This is one of my favorite winter meals


Crock-pot Gumbo

1/3 Cup all-purpose flour
1/3 cup cooking oil
4 cups water
12oz fully cooked smoked sausage links, sliced
2 cups chopped cooked chicken
2 cups sliced okra
1 cup chopped onion
½ cup chopped green pepper
½ cup chopped celery
4 cloves garlic, minced
1 tsp Worcestershire sauce
Dash hot sauce
1 tsp pepper
¼ tsp ground red pepper
½ tsp thyme
1/2 tsp salt
1 bay leaf
2 chicken bouillon cubes
Hot cooked rice

For roux, in a heavy 2-quart saucepan stir together flour and oil till smooth. Cook over medium-heat heat 5 minutes, stirring constantly, Reduce heat to medium. Cook and stir constantly about 15 minutes more or until a dark, reddish brown roux forms. Cool.

Add the water to your crock-pot. Stir in roux. Add remaining items. Cover and cook on low-heat setting for 10-12 hours or on high-heat setting for 4 ½ to 5 hours. Skim off fat. Serve over rice. Makes 6 servings.


----------



## chefchampionnj (Jan 7, 2009)

If you make everything in one pot you wont lose as much of that subtle nutty flavor from the roux, and if you make it in the oven you can achieve a darker roux without running the risk of burning it. Heat the roux over medium heat and whisk only until homogenous, then bake in the oven at 350, stirring occasionally. Granted this takes much longer and is only really applicable for larger batches.


----------



## shroomgirl (Aug 11, 2000)

this is a takeoff between Paul Prudhommes and John Folse......

cook plump hens in a stock pot until tender
equal parts veg oil and flour, typically about 3/4 cup of each....I eyeball it....
in a large pot stir with a whisk until red brown, takes 20-30 minutes typically

Add Tony Chacere which is a staple in most Louisiana homes, cayene or chipotle, bay leaves, oregano, thyme, black pepper....


Add celery, onion, red bell pepper all diced

cook for a couple of minutes then add the chicken stock and torn pieces of chicken, andouille.....cook another 15 + minutes to meld the flavors....
serve over rice, topped with crystal hot sauce and parsley/scallions optional.

Just made a couple of batches recently, darn good.


----------



## gonefishin (Nov 6, 2004)

Thanks for the suggestions all!

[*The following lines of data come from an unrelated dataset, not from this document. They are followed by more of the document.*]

(* Let $D=\{(x,z):\ -1<z<0,\ -1<x<z+1\}$, and for $\lambda\in(\tfrac12,\tfrac45)$ let $a=\sqrt{\lambda/(1-\lambda)}$, $P(\lambda)=\{(x,z):\ a-3+\tfrac1a<z-\tfrac{x}{a}<1-a+\tfrac1a,\ 1-a-\tfrac1a<z+\tfrac{x}{a}<a-1-\tfrac1a\}$ and $\chi(x,z,\lambda)$ the indicator of $P(\lambda)$ in $D$. Let $\tfrac12<\lambda_*<\lambda_{**}<\tfrac45$, $\sigma_0\in C^1[\tfrac12,\tfrac45]$, $\psi(x,z,t)=\int_{\lambda_*}^{\lambda_{**}}\cos(\sqrt\lambda\,t)\sigma_0(\lambda)\chi(x,z,\lambda)\,d\lambda$, and $\mathbf U=(u,v,w)$ with $u=-\psi_z$, $v=\int_0^t\psi_z(x,z,s)\,ds$, $w=\psi_x$. For $\mu\in[\lambda_*,\lambda_{**}]$ let $CA(\mu),AB(\mu),BD(\mu),DC(\mu)$ be the sides of $\overline{P(\mu)}$ lying on the lines $z=1+\frac xa+\frac1a-a$, $z=1-\frac xa-\frac1a-a$, $z=\frac xa+\frac1a+a-3$, $z=-\frac xa-\frac1a+a-1$ respectively ($a=a(\mu)$), and let $\Sigma_{CA}=\bigcup_{\mu\in[\lambda_*,\lambda_{**}]}CA(\mu)$, and similarly $\Sigma_{AB},\Sigma_{BD},\Sigma_{DC}$. Let $D_1,D_2,D_3,D_4$ be the interiors of $\Sigma_{CA}\cap\Sigma_{DC}$, $\Sigma_{CA}\cap\Sigma_{AB}$, $\Sigma_{AB}\cap\Sigma_{BD}$, $\Sigma_{BD}\cap\Sigma_{DC}$, and let $\Omega_0$ be the interior of $D\setminus(D_1\cup D_2\cup D_3\cup D_4)$ (equivalently $\Omega_0$ is, up to the common boundaries, $\bigcup_{i=5}^{13}D_i$). Then $\mathbf U$ has property $S$ in $\Omega_0$: for every Lipschitz subdomain $\Omega_1\subset\Omega_0$ the quantity $\int_{\Omega_1}(|u|^2+|v|^2+|w|^2)\,dx\,dz$ does not depend on $t$.
   Context: In the paper, $S(\lambda_* )=\partial P(\lambda_* )$ and $S(\lambda_{**})=\partial P(\lambda_{**})$ divide $D$ into subdomains $D_1,\dots,D_{13}$: $D_1,\dots,D_4$ are the four corner regions where two of the swept strips of sides overlap, $D_5,\dots,D_8$ are the parts of the four strips swept by a single side, and $D_9,\dots,D_{13}$ are the regions not met by any $S(\mu)$, $\mu\in[\lambda_*,\lambda_{**}]$. $\mathbf U$ is the velocity field (inertial wave) of the linearized rotating-fluid system $u_t=v-p_x$, $v_t=-u$, $w_t=-p_z$, $u_x+w_z=0$ with no-flux boundary condition, associated with the stream function $\psi$. *)

theory Defs
  imports "HOL-Analysis.Analysis"
begin

definition aa :: "real \<Rightarrow> real" where
  "aa l = sqrt (l / (1 - l))"

definition Dom :: "(real \<times> real) set" where
  "Dom = {(x, z). -1 < z \<and> z < 0 \<and> -1 < x \<and> x < z + 1}"

definition Pset :: "real \<Rightarrow> (real \<times> real) set" where
  "Pset l = {(x, z). aa l - 3 + 1 / aa l < z - x / aa l \<and> z - x / aa l < 1 - aa l + 1 / aa l
                   \<and> 1 - aa l - 1 / aa l < z + x / aa l \<and> z + x / aa l < aa l - 1 - 1 / aa l}"

definition chi :: "real \<Rightarrow> real \<Rightarrow> real \<Rightarrow> real" where
  "chi x z l = indicator (Pset l \<inter> Dom) (x, z)"
text \<open>The theorem: the window \<open>{max 1 (t - \<tau> + 1)..t}\<close> has length \<open>min t \<tau>\<close>, which
  \<open>\<lceil>ln (min t \<tau>) / ln (1 + \<eta>)\<rceil>\<close> geometric slices cover.\<close>

theorem mainTheorem7:
  fixes M :: "'a measure" and X :: "nat \<Rightarrow> 'a \<Rightarrow> real" and eps :: "nat \<Rightarrow> 'a \<Rightarrow> real"
    and F :: "nat \<Rightarrow> 'a measure" and B \<mu> :: real and t \<tau> :: nat and \<delta> \<eta> :: real
  assumes M: "prob_space M"
    and X_meas: "\<And>s. s \<ge> 1 \<Longrightarrow> X s \<in> borel_measurable M"
    and X_indep: "prob_space.indep_vars M (\<lambda>_. borel) X {1..}"
    and X_bdd: "\<And>s. s \<ge> 1 \<Longrightarrow> AE \<omega> in M. 0 \<le> X s \<omega> \<and> X s \<omega> \<le> B"
    and X_mean: "\<And>s. s \<ge> 1 \<Longrightarrow> integral\<^sup>L M (X s) = \<mu>"
    and F_filt: "filtration (space M) F"
    and F_sub: "\<And>n. subalgebra M (F n)"
    and F_adapt: "\<And>s n. 1 \<le> s \<Longrightarrow> s \<le> n \<Longrightarrow> X s \<in> borel_measurable (F n)"
    and F_indep: "\<And>s n. n < s \<Longrightarrow>
        prob_space.indep_set M (sets (vimage_algebra (space M) (X s) borel)) (sets (F n))"
    and eps_01: "\<And>s \<omega>. s \<ge> 1 \<Longrightarrow> \<omega> \<in> space M \<Longrightarrow> eps s \<omega> \<in> {0, 1}"
    and eps_pred: "\<And>s. s \<ge> 1 \<Longrightarrow> eps s \<in> borel_measurable (F (s - 1))"
    and t: "t \<ge> 1" and tau: "\<tau> \<ge> 1" and min2: "min t \<tau> \<ge> 2"
    and delta: "\<delta> > 0" and eta: "\<eta> > 0"
  shows "measure M {\<omega> \<in> space M.
            (\<Sum>s\<in>{max 1 (t - \<tau> + 1)..t}. eps s \<omega>) > 0 \<and>
            (\<Sum>s\<in>{max 1 (t - \<tau> + 1)..t}. (X s \<omega> - \<mu>) * eps s \<omega>)
              / sqrt (\<Sum>s\<in>{max 1 (t - \<tau> + 1)..t}. eps s \<omega>) > \<delta>}
         \<le> real_of_int \<lceil>ln (real (min t \<tau>)) / ln (1 + \<eta>)\<rceil>
            * exp (- (2 * \<delta>\<^sup>2 / B\<^sup>2) * (1 - \<eta>\<^sup>2 / 16))"
proof -
  interpret predictable_sampling M X eps F B \<mu>
    using M X_meas X_bdd X_mean F_filt F_sub F_adapt F_indep eps_01 eps_pred
    unfolding predictable_sampling_def predictable_sampling_axioms_def by blast
  have window: "card {max 1 (t - \<tau> + 1)..t} = min t \<tau>"
    using t tau by (auto simp: max_def min_def)
  note slices = slice_count[OF eta min2]
  show ?thesis
    unfolding slices(1)
  proof (rule window_deviation_bound[OF _ _ delta eta slices(2)])
    show "1 \<le> max 1 (t - \<tau> + 1)" "max 1 (t - \<tau> + 1) \<le> t" using t tau by auto
    show "real (card {max 1 (t - \<tau> + 1)..t}) \<le> (1 + \<eta>) ^ nat \<lceil>ln (real (min t \<tau>)) / ln (1 + \<eta>)\<rceil>"
      unfolding window by (rule slices(3))
  qed
qed

end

I'll give them a try.



I wish andouille sausage was easy to get where I live, most stores rarely stock it at all  No matter. With the weather around Chicagoland in January I'll be sure to make a pot of gumbo a couple of more times.

dan


----------



## chefchampionnj (Jan 7, 2009)

Look around, do some research on yellowbook.com for a charcuterie ill bet you can find some quality sausage.


----------



## juancarlos22 (Feb 10, 2009)

i have found a very good spot for gumbo....ragin cajun, or good co. seafood.


----------



## boar_d_laze (Feb 13, 2008)

Where de seafood? It ain't gumbo wit out no shrimps or bugs or nut'n'. Roux first, _file_ last and the middle is catch as catch can, 'ceptin dey's always some okra.

Beer,
BDL


----------



## pete (Oct 7, 2001)

BDL, not all gumbos have seafood in them. One of the more traditional gumbos "gumbo z'herbes" does not contain seafood and I know many a chicken and andouille gumbo recipe that does not contain any seafood. As for the okra vs. file powder arguement, so gumbos contain okra and some use file powder but the general rule is you only use one or the other, never both, according to tradition.


----------



## boar_d_laze (Feb 13, 2008)

To each his own. 

Every man a king,
BDL


----------



## kyheirloomer (Feb 1, 2007)

Pete, you're absolutely right. The Cajun folks who taught me how to make gumbo out in the swamp country stressed that point: you use okra, or you use file'. But you don't use both. If using okra, it goes in as part of the stew. File' is only used at the end (because it gets stringy if cooked too long). Usually, each diner adds file' to his own bowl.

You're also right about the seafood. While seafood can contribute to other gumbos, it certainly isn't required, nor always found. If any of my Cajun friends ever heard this line, "It ain't gumbo wit out no shrimps or bugs or nut'n'," he'd be wondering who was writing cookbooks for tourists. 

Other than the roux, there are no rules to what goes into a gumbo. Anyone who's spent any time in the swamps knows this. Cajuns use whatever is available---which is the whole point. To say this or that is required for something to be a gumbo is an affectation, not a fact.


----------



## shroomgirl (Aug 11, 2000)

okra or file generally are used with seafood gumbo......it's unusual to find tomatoes but Mr.B's had them in their seafood gumbo.

The only caveat worth knowing about seafood gumbo, is to prepare the soup and add the shellfish just prior to serving so the oysters, shrimp and crab are not overcooked.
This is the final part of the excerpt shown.